The science of solving crime
Ellie Salmon’s biology degree from the University of New Brunswick has helped her land a career as a forensic scientist in sunny California.
The 1998 bachelor of science graduate used her degree as a springboard to take a master of science in forensic science degree from George Washington University in Washington, DC.
She is currently the DNA Technical Leader in a private lab in San Francisco, CA.
“It’s a full service laboratory, so we have all the service offerings,” she says. “Firearms, toxicology, pathology, DNA testing, trace analysis, fingerprints.
“I do primarily DNA testing. My job involves identification of body fluids and DNA testing on samples.”
Ellie usually meets with attorneys and police officers to collect the necessary evidence that may have come in contact with body fluids, and performs tests with DNA from the nucleus of the fluids’ cells.
“If we get a DNA profile from the evidence item, we will compare it to any known samples that they submit from victims or suspects, and try to match the profiles. If there are no known suspects, then our DNA profile can be uploaded into the national database to search for any suspects or convicted felons that are in the database.”
Breaking down problems
While she doesn’t spend much time in the field, Ellie does spend much of her time interacting with clients, brainstorming the best analyses to perform based on the evidence available.

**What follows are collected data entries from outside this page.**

text \<open>First-order optimality of a maximiser Z along the rescalings \<open>Z \<mapsto> DZD / trace(DZD)\<close>
  with \<open>D = I + \<epsilon> e\<^sub>k e\<^sub>k\<^sup>T\<close>.\<close>

lemma schrijver_maximizer_row_sum:
  assumes max: "is_schrijver_maximizer E Z"
  shows "(\<Sum>j\<in>UNIV. Z$k$j) = quad_form Z ones * Z$k$k"
proof -
  have Z: "Z \<in> schrijver_set E"
    using max by (simp add: is_schrijver_maximizer_def)
  then have sym: "\<forall>i j. Z$i$j = Z$j$i" and trace: "trace Z = 1"
    by (auto simp: schrijver_set_def psd_iff_quad_form)
  define \<sigma> r z where "\<sigma> = quad_form Z ones" and "r = (\<Sum>j\<in>UNIV. Z$k$j)" and "z = Z$k$k"
  have "e * (2 * (r - \<sigma> * z)) + e\<^sup>2 * (z - \<sigma> * z) \<le> 0" if e: "\<bar>e\<bar> \<le> 1/2" for e
  proof -
    define d where "d = ones + e *\<^sub>R axis k 1"
    have d_entry: "d$i = (if i = k then 1 + e else 1)" for i
      by (simp add: d_def ones_def axis_def)
    have "0 < 1 + e"
      using e by arith
    then have d_pos: "0 < d$i" for i
      by (simp add: d_entry)
    let ?W = "diag_congr d Z"
    have "d * ones = d"
      by (simp add: vec_eq_iff ones_def)
    then have "quad_form ?W ones = quad_form Z (ones + e *\<^sub>R axis k 1)"
      by (simp add: quad_form_diag_congr d_def)
    also have "\<dots> = \<sigma> + 2 * e * r + e\<^sup>2 * z"
      using bilin_form_commute[OF sym, of ones "axis k 1"]
      by (simp add: quad_form_add_scaleR[OF sym] bilin_form_axis_ones quad_form_axis \<sigma>_def r_def z_def)
    finally have quad_W: "quad_form ?W ones = \<sigma> + 2 * e * r + e\<^sup>2 * z" .
    have "?W$i$i = Z$i$i + (if i = k then (2 * e + e\<^sup>2) * z else 0)" for i
      by (simp add: diag_congr_def d_entry z_def power2_eq_square algebra_simps)
    then have trace_W: "trace ?W = 1 + (2 * e + e\<^sup>2) * z"
      using trace by (simp add: trace_def sum.distrib)
    have "quad_form ((1 / trace ?W) *\<^sub>R ?W) ones \<le> \<sigma>"
      using max diag_congr_normalized_in_schrijver_set(2)[OF Z d_pos]
      unfolding is_schrijver_maximizer_def \<sigma>_def by blast
    then have "\<sigma> + 2 * e * r + e\<^sup>2 * z \<le> \<sigma> * (1 + (2 * e + e\<^sup>2) * z)"
      using diag_congr_normalized_in_schrijver_set(1)[OF Z d_pos]
      by (simp add: quad_form_scaleR quad_W trace_W pos_divide_le_eq)
    then show ?thesis
      by (simp add: algebra_simps)
  qed
  then have "2 * (r - \<sigma> * z) = 0"
    by (intro linear_coeff_eq_0_if_nonpos_near_0[of "1/2"]) auto
  then show ?thesis
    by (simp add: r_def \<sigma>_def z_def)
qed

lemma schrijver_maximizer_Q_feasible:
  assumes "simple_graph E" and max: "is_schrijver_maximizer E Z"
  shows "Q_feasible (quad_form Z ones) (quad_form Z ones *\<^sub>R Z)"
    and "zero_on_edges E (quad_form Z ones *\<^sub>R Z)"
proof -
  have Z: "psd Z" "nonneg_mat Z" "trace Z = 1" "zero_on_edges E Z"
    using max by (auto simp: is_schrijver_maximizer_def schrijver_set_def)
  have \<sigma>: "1 \<le> quad_form Z ones"
    using schrijver_maximizer_ge_1[OF assms] .
  have "(\<Sum>j\<in>UNIV. quad_form Z ones * Z$i$j) = quad_form Z ones * (quad_form Z ones * Z$i$i)" for i
    using schrijver_maximizer_row_sum[OF max, of i] by (simp flip: sum_distrib_left)
  then show "Q_feasible (quad_form Z ones) (quad_form Z ones *\<^sub>R Z)"
    using Z \<sigma> by (simp add: Q_feasible_iff_row_sums psd_scaleR trace_scaleR nonneg_mat_def)
  show "zero_on_edges E (quad_form Z ones *\<^sub>R Z)"
    using Z by (simp add: zero_on_edges_def)
qed

definition theta_plus_feasible :: "('n::finite \<Rightarrow> 'n \<Rightarrow> bool) \<Rightarrow> real^'n^'n \<Rightarrow> bool" where
  "theta_plus_feasible E X \<longleftrightarrow> psd (X - outer (diag_vec X)) \<and> zero_on_edges E X \<and> nonneg_mat X"

lemma theta_plus_eq_Sup: "theta_plus E = Sup (trace ` {X. theta_plus_feasible E X})"
  unfolding theta_plus_def theta_plus_feasible_def zero_on_edges_def
  by (rule arg_cong[where f = Sup]) auto

lemma theta_plus_feasible_trace_le_card:
  fixes X :: "real^'n::finite^'n"
  assumes "theta_plus_feasible E X"
  shows "trace X \<le> real CARD('n)"
proof -
  have "X$i$i \<le> 1" for i
  proof -
    have "0 \<le> X$i$i * (1 - X$i$i)"
      using assms psd_diag_nonneg[of "X - outer (diag_vec X)" i]
      by (simp add: theta_plus_feasible_def outer_def diag_vec_def algebra_simps)
    then show ?thesis
      by (auto simp: zero_le_mult_iff)
  qed
  then show ?thesis
    unfolding trace_def using sum_mono[of UNIV "\<lambda>i. X$i$i" "\<lambda>_. 1"] by simp
qed

lemma trace_le_theta_plus:
  assumes "theta_plus_feasible E X"
  shows "trace X \<le> theta_plus E"
  unfolding theta_plus_eq_Sup
proof (rule cSup_upper)
  show "trace X \<in> trace ` {X. theta_plus_feasible E X}"
    using assms by simp
  show "bdd_above (trace ` {X. theta_plus_feasible E X})"
    using theta_plus_feasible_trace_le_card by (intro bdd_aboveI2) blast
qed

lemma theta_plus_le_schrijver_maximizer:
  assumes "simple_graph E" and max: "is_schrijver_maximizer E Z"
  shows "theta_plus E \<le> quad_form Z ones"
  unfolding theta_plus_eq_Sup
proof (rule cSup_least)
  have "theta_plus_feasible E 0"
    by (simp add: theta_plus_feasible_def zero_on_edges_def nonneg_mat_def outer_def diag_vec_def
        psd_iff_quad_form quad_form_def zero_vec_def)
  then show "trace ` {X. theta_plus_feasible E X} \<noteq> {}"
    by blast
next
  fix s assume "s \<in> trace ` {X. theta_plus_feasible E X}"
  then obtain X where s: "s = trace X" and "theta_plus_feasible E X"
    by blast
  then have X: "psd (X - outer (diag_vec X))" "zero_on_edges E X" "nonneg_mat X"
    by (auto simp: theta_plus_feasible_def)
  have psd: "psd X"
    using psd_add[OF X(1) psd_outer[of "diag_vec X"]] by simp
  have "trace X = ones \<bullet> diag_vec X"
    by (simp add: trace_def inner_vec_def ones_def diag_vec_def)
  then have "s\<^sup>2 \<le> quad_form X ones"
    using X(1) by (simp add: s psd_iff_quad_form quad_form_diff quad_form_outer)
  have "0 \<le> s"
    using X(3) unfolding s trace_def nonneg_mat_def by (simp add: sum_nonneg)
  show "s \<le> quad_form Z ones"
  proof (cases "s = 0")
    case False
    with \<open>0 \<le> s\<close> have "0 < s" by simp
    then have "(1 / s) *\<^sub>R X \<in> schrijver_set E"
      using psd X by (simp add: schrijver_set_def psd_scaleR nonneg_mat_def trace_scaleR s
          zero_on_edges_def)
    then have "quad_form ((1 / s) *\<^sub>R X) ones \<le> quad_form Z ones"
      using max by (auto simp: is_schrijver_maximizer_def)
    then have "quad_form X ones / s \<le> quad_form Z ones"
      by (simp add: quad_form_scaleR)
    moreover have "s \<le> quad_form X ones / s"
      using \<open>0 < s\<close> \<open>s\<^sup>2 \<le> quad_form X ones\<close> by (simp add: pos_le_divide_eq power2_eq_square)
    ultimately show ?thesis
      by linarith
  qed (use schrijver_maximizer_ge_1[OF assms] in simp)
qed

lemma ex_Q_feasible_zero_on_edges_iff:
  assumes G: "simple_graph E" and "1 \<le> t"
  shows "(\<exists>X. Q_feasible t X \<and> zero_on_edges E X) \<longleftrightarrow> t \<le> theta_plus E"
proof
  assume "\<exists>X. Q_feasible t X \<and> zero_on_edges E X"
  then obtain X where X: "Q_feasible t X" "zero_on_edges E X"
    by blast
  have "psd (X - outer (diag_vec X))"
    by (rule Q_feasible_psd_diff_outer_diag[OF X(1)]) (use \<open>1 \<le> t\<close> in simp)
  then have "theta_plus_feasible E X"
    using X by (simp add: theta_plus_feasible_def Q_feasible_def)
  then show "t \<le> theta_plus E"
    using trace_le_theta_plus X(1) by (fastforce simp: Q_feasible_def)
next
  assume "t \<le> theta_plus E"
  obtain Z where max: "is_schrijver_maximizer E Z"
    using schrijver_maximizer_exists[OF G] .
  have "t \<le> quad_form Z ones"
    using \<open>t \<le> theta_plus E\<close> theta_plus_le_schrijver_maximizer[OF G max] by linarith
  then obtain M where "Q_feasible t M" and "\<And>i j. (quad_form Z ones *\<^sub>R Z)$i$j = 0 \<Longrightarrow> M$i$j = 0"
    using Q_feasible_shrink[OF schrijver_maximizer_Q_feasible(1)[OF G max] \<open>1 \<le> t\<close>] by blast
  then show "\<exists>X. Q_feasible t X \<and> zero_on_edges E X"
    using schrijver_maximizer_Q_feasible(2)[OF G max] by (auto simp: zero_on_edges_def)
qed

theorem mainTheorem12:
  fixes E :: "'n::finite \<Rightarrow> 'n \<Rightarrow> bool" and t :: real
  assumes "simple_graph E"
    and "1 \<le> t" and "t \<le> real CARD('n)"
  shows "S_val E t > 0 \<longleftrightarrow> t > theta_plus E"
  unfolding S_val_pos_iff[OF Q_feasible_exists[OF assms(2,3)]]
    ex_Q_feasible_zero_on_edges_iff[OF assms(1,2)] by (simp add: not_le)

end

“My favourite part is sitting down with the detectives and just walking through their case, trying to figure out what questions they want answered, and the best forensic pieces of evidence to look at to answer those questions. Often, they might not be thinking about the full spectra of forensics.”
Clients may come in asking for a DNA analysis, but Ellie works through the case with them to see if they might actually benefit most from examining fingerprints or firearms.
“It’s a lot of problem solving and brainstorming, using your knowledge and skills,” she says. “They’re usually pretty pleased to hear all these different ideas.”
Ellie loves her job, but says that life in a forensics lab isn’t nearly as fast-paced as television shows make it sound.
“They call it the CSI effect,” she explains. “Some attorneys are complaining about it, because jurors are under the impression that you can get DNA from anything and run a test in an hour. If you have a sample that you don’t get a result from, they think it’s odd.
“On CSI, they’re out there with guns and interviewing suspects, but that’s just never the case for us. We do testify, so the show is accurate to some extent.”
Testament of knowledge
Studying at UNB, both in Saint John and Fredericton, gave Ellie the baseline knowledge she needed to become a forensic scientist.
“The classes were always very thorough and the teachers were very approachable, so I felt that I had a really good, solid knowledge of the basic science principles. The lab work really came in handy as well. Once you get to grad school, it’s assumed that you know certain things.
“I felt well prepared for the classes I took in grad school and when I started my job.”
Ellie needs to state her qualifications when testifying in front of a courtroom after examining evidence – which means every single time, “I am giving free advertising to UNB,” she jokes.